Поезд тронулся. Вначале я шел за ним, не отставая. Потом он ускорился, резвее застучали колеса, и вагоны, мягко наплывая друг на друга, поглотили родное сиреневое пятнышко. Впрочем, я шел и шел: мимо здания вокзала, мимо киосков, мимо каких-то водокачек и станционных построек. За пригородными кассами, не сбавляя шага, свернул в город и нисколько не удивился, когда через какое-то время оказался на крутом холме возле так называемого Памятника Победы.
Никогда я не любил это грандиозное по своей безвкусице сооружение. Дутое и нахальное, с потугами на Медного всадника, оно не олицетворяло ничего, кроме воинствующей бездарности. Только мои литобъединенцы и могли по-настоящему воспеть сей монумент. И они воспели. Один из Маяковских написал буквально следующее: "Прекрасный конь здесь не валялся, Он здесь воспрыгнул на бугор, И навсегда на нем остался... Победный витязь Святогор!" Помнится, помощник старосты (он тогда еще не был Некрасовым) восхищенно зааплодировал автору. Все ждали, что скажу я, но я еще был связан по рукам и ногам (на заседании присутствовало несколько человек не совсем бездарных), а потому попросил каждого, высказывающегося о стихотворении, не забывать о величии советского патриотизма.

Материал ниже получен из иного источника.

lemma Psi0_perturbed_tendsto: "((\<lambda>e. Psi0 (Ae e) r (lam e)) \<longlongrightarrow> Psi0 A r l0) (at_right 0)"
proof (rule Psi0_tendsto[OF Ae_lim lam_lim])
  have "(Im l0)\<^sup>2 * r\<^sup>2 > 0" using om_pos r_pos by simp
  then show "(1 - A * r + Re l0 * r)\<^sup>2 + (Im l0)\<^sup>2 * r\<^sup>2 \<noteq> 0"
    by (metis add_nonneg_pos less_irrefl zero_le_power2)
qed

lemma second_order_coeffs_tendsto:
  assumes "i + j = 2"
  shows "((\<lambda>e. fe e i j) \<longlongrightarrow> f0 i j) (at_right 0)" "((\<lambda>e. ge e i j) \<longlongrightarrow> g0 i j) (at_right 0)"
proof -
  from assms consider "i = 2" "j = 0" | "i = 1" "j = 1" | "i = 0" "j = 2" by linarith
  then show f: "((\<lambda>e. fe e i j) \<longlongrightarrow> f0 i j) (at_right 0)"
    by cases (simp_all only: fcoef_20 fcoef_11 fcoef_02; intro tendsto_intros lam_lim)+
  show "((\<lambda>e. ge e i j) \<longlongrightarrow> g0 i j) (at_right 0)"
    unfolding gcoef_def by (intro tendsto_intros Psi0_perturbed_tendsto f)
qed

lemma second_order_endpoints_tendsto:
  "((\<lambda>e. we20 e 0) \<longlongrightarrow> w20 0) (at_right 0)" "((\<lambda>e. we20 e (-r)) \<longlongrightarrow> w20 (-r)) (at_right 0)"
  "((\<lambda>e. we11 e 0) \<longlongrightarrow> w11 0) (at_right 0)" "((\<lambda>e. we11 e (-r)) \<longlongrightarrow> w11 (-r)) (at_right 0)"
  "((\<lambda>e. we02 e 0) \<longlongrightarrow> w02 0) (at_right 0)" "((\<lambda>e. we02 e (-r)) \<longlongrightarrow> w02 (-r)) (at_right 0)"
proof -
  note U = second_order_D[OF w_unpert]
  note T = exp_forced_sol_endpoints_tendsto[OF r_pos lam_lim Ae_lim Be_lim]
  note c = second_order_coeffs_tendsto[of 2 0] second_order_coeffs_tendsto[of 1 1]
    second_order_coeffs_tendsto[of 0 2]
  have ne: "l0 \<noteq> 2 * l0" "cnj l0 \<noteq> 2 * l0" "l0 \<noteq> l0 + cnj l0" "cnj l0 \<noteq> l0 + cnj l0"
    "l0 \<noteq> 2 * cnj l0" "cnj l0 \<noteq> 2 * cnj l0"
    using om_pos by (auto simp: complex_eq_iff)
  have ev20: "eventually (\<lambda>e.
      exp_forced_sol r (2 * lam e) (ge e 2 0) (lam e) (cnj (ge e 0 2)) (cnj (lam e)) (we20 e)
      \<and> 2 * lam e * we20 e 0 + ge e 2 0 + cnj (ge e 0 2)
          = of_real (Ae e) * we20 e 0 + of_real (Be e) * we20 e (-r) + fe e 2 0) (at_right 0)"
    using w_pert by eventually_elim (intro conjI; erule second_order_D)
  have ev11: "eventually (\<lambda>e.
      exp_forced_sol r (lam e + cnj (lam e)) (ge e 1 1) (lam e) (cnj (ge e 1 1)) (cnj (lam e)) (we11 e)
      \<and> (lam e + cnj (lam e)) * we11 e 0 + ge e 1 1 + cnj (ge e 1 1)
          = of_real (Ae e) * we11 e 0 + of_real (Be e) * we11 e (-r) + fe e 1 1) (at_right 0)"
    using w_pert by eventually_elim (intro conjI; erule second_order_D)
  have ev02: "eventually (\<lambda>e.
      exp_forced_sol r (2 * cnj (lam e)) (ge e 0 2) (lam e) (cnj (ge e 2 0)) (cnj (lam e)) (we02 e)
      \<and> 2 * cnj (lam e) * we02 e 0 + ge e 0 2 + cnj (ge e 2 0)
          = of_real (Ae e) * we02 e 0 + of_real (Be e) * we02 e (-r) + fe e 0 2) (at_right 0)"
    using w_pert by eventually_elim (intro conjI; erule second_order_D)
  have nu: "((\<lambda>e. 2 * lam e) \<longlongrightarrow> 2 * l0) (at_right 0)"
    "((\<lambda>e. lam e + cnj (lam e)) \<longlongrightarrow> l0 + cnj l0) (at_right 0)"
    "((\<lambda>e. 2 * cnj (lam e)) \<longlongrightarrow> 2 * cnj l0) (at_right 0)"
    by (intro tendsto_intros lam_lim)+
  show "((\<lambda>e. we20 e 0) \<longlongrightarrow> w20 0) (at_right 0)" "((\<lambda>e. we20 e (-r)) \<longlongrightarrow> w20 (-r)) (at_right 0)"
    using T[OF nu(1) c(2) tendsto_cnj[OF c(6)] c(1) nonresonance(1) ne(1,2) ev20 U(1,2)] by simp_all
  show "((\<lambda>e. we11 e 0) \<longlongrightarrow> w11 0) (at_right 0)" "((\<lambda>e. we11 e (-r)) \<longlongrightarrow> w11 (-r)) (at_right 0)"
    using T[OF nu(2) c(4) tendsto_cnj[OF c(4)] c(3) nonresonance(2) ne(3,4) ev11 U(3,4)] by simp_all
  show "((\<lambda>e. we02 e 0) \<longlongrightarrow> w02 0) (at_right 0)" "((\<lambda>e. we02 e (-r)) \<longlongrightarrow> w02 (-r)) (at_right 0)"
    using T[OF nu(3) c(6) tendsto_cnj[OF c(2)] c(5) nonresonance(3) ne(5,6) ev02 U(5,6)] by simp_all
qed

end

context hopf_perturbation
begin

lemma third_order_coeffs_tendsto:
  "((\<lambda>e. fe e 2 1) \<longlongrightarrow> f0 2 1) (at_right 0)" "((\<lambda>e. ge e 1 2) \<longlongrightarrow> g0 1 2) (at_right 0)"
proof -
  note w = second_order_endpoints_tendsto
  show "((\<lambda>e. fe e 2 1) \<longlongrightarrow> f0 2 1) (at_right 0)"
    unfolding fcoef_21 f21_expr_def by (intro tendsto_intros lam_lim w) simp_all
  have "((\<lambda>e. fe e 1 2) \<longlongrightarrow> f0 1 2) (at_right 0)"
    unfolding fcoef_12 f21_expr_def by (intro tendsto_intros lam_lim w) simp_all
  then show "((\<lambda>e. ge e 1 2) \<longlongrightarrow> g0 1 2) (at_right 0)"
    unfolding gcoef_def by (intro tendsto_intros Psi0_perturbed_tendsto)
qed

lemma kappa_perturbed_tendsto: "((\<lambda>e. kappa (lam e)) \<longlongrightarrow> l0) (at_right 0)"
proof -
  have "((\<lambda>e. kappa (lam e)) \<longlongrightarrow> kappa l0) (at_right 0)"
    unfolding kappa_def by (intro tendsto_intros lam_lim)
  then show ?thesis by (simp add: kappa_def)
qed

lemma sing_coeff_reg_part_tendsto:
  "((\<lambda>e. sing_coeff (lam e) (kappa (lam e)) (fe e) (ge e)) \<longlongrightarrow> sing_coeff l0 (kappa l0) f0 g0) (at_right 0)"
  "((\<lambda>e. reg_part (lam e) (kappa (lam e)) (ge e) (we20 e 0) (we11 e 0) (we02 e 0))
      \<longlongrightarrow> reg_part l0 (kappa l0) g0 (w20 0) (w11 0) (w02 0)) (at_right 0)"
proof -
  have k: "kappa l0 = l0" by (simp add: kappa_def)
  have nz: "l0 - 2 * l0 \<noteq> 0" "l0 - (l0 + cnj l0) \<noteq> 0" "l0 - 2 * cnj l0 \<noteq> 0" "2 * l0 \<noteq> 0"
    using om_pos by (simp_all add: complex_eq_iff)
  note c = second_order_coeffs_tendsto[of 2 0] second_order_coeffs_tendsto[of 1 1]
    second_order_coeffs_tendsto[of 0 2] third_order_coeffs_tendsto
  show "((\<lambda>e. sing_coeff (lam e) (kappa (lam e)) (fe e) (ge e)) \<longlongrightarrow> sing_coeff l0 (kappa l0) f0 g0) (at_right 0)"
    unfolding sing_coeff_def k by (intro tendsto_intros lam_lim kappa_perturbed_tendsto c nz) simp_all
  show "((\<lambda>e. reg_part (lam e) (kappa (lam e)) (ge e) (we20 e 0) (we11 e 0) (we02 e 0))
      \<longlongrightarrow> reg_part l0 (kappa l0) g0 (w20 0) (w11 0) (w02 0)) (at_right 0)"
    unfolding reg_part_def k
    by (intro tendsto_intros lam_lim kappa_perturbed_tendsto c nz second_order_endpoints_tendsto) simp_all
qed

Не совсем бездарные молча встали и покинули заседание. Один из них задержался у двери, сказал, что ему понятно, почему "Прекрасный конь здесь не валялся, Он здесь воспрыгнул на бугор...", но при чем здесь "витязь", притом "победный", если он богатырь - "Святогор"?
Да-да, это было так плохо, что аж хорошо!.. Чтобы не расхохотаться вслух, я скрестил брови, как самурай, и, не задумываясь, нашел в стихотворении множество достоинств как раз там, где их и в помине не было. Да-да, я восхищался трюфелями в квашеной капусте.
Теперь же я был мудр и строг, и, словно в отместку за похвалу трюфелей в квашеной капусте, ничто не могло вывести меня из этого удручающего состояния. Ни уговоры Розочки на перроне, ни стихи, прежде вызывавшие смех, - ничто. Это было состояние какого-то внезапного отключения от желаний. В свои двадцать три года я чувствовал себя столетним старцем. Наверное, подобное состояние и есть нирвана. Во всяком случае, я ощущал, что мои желания как бы отслоились от меня, а поток сознания стал более неподвижным, хотя и более всеобъемлющим.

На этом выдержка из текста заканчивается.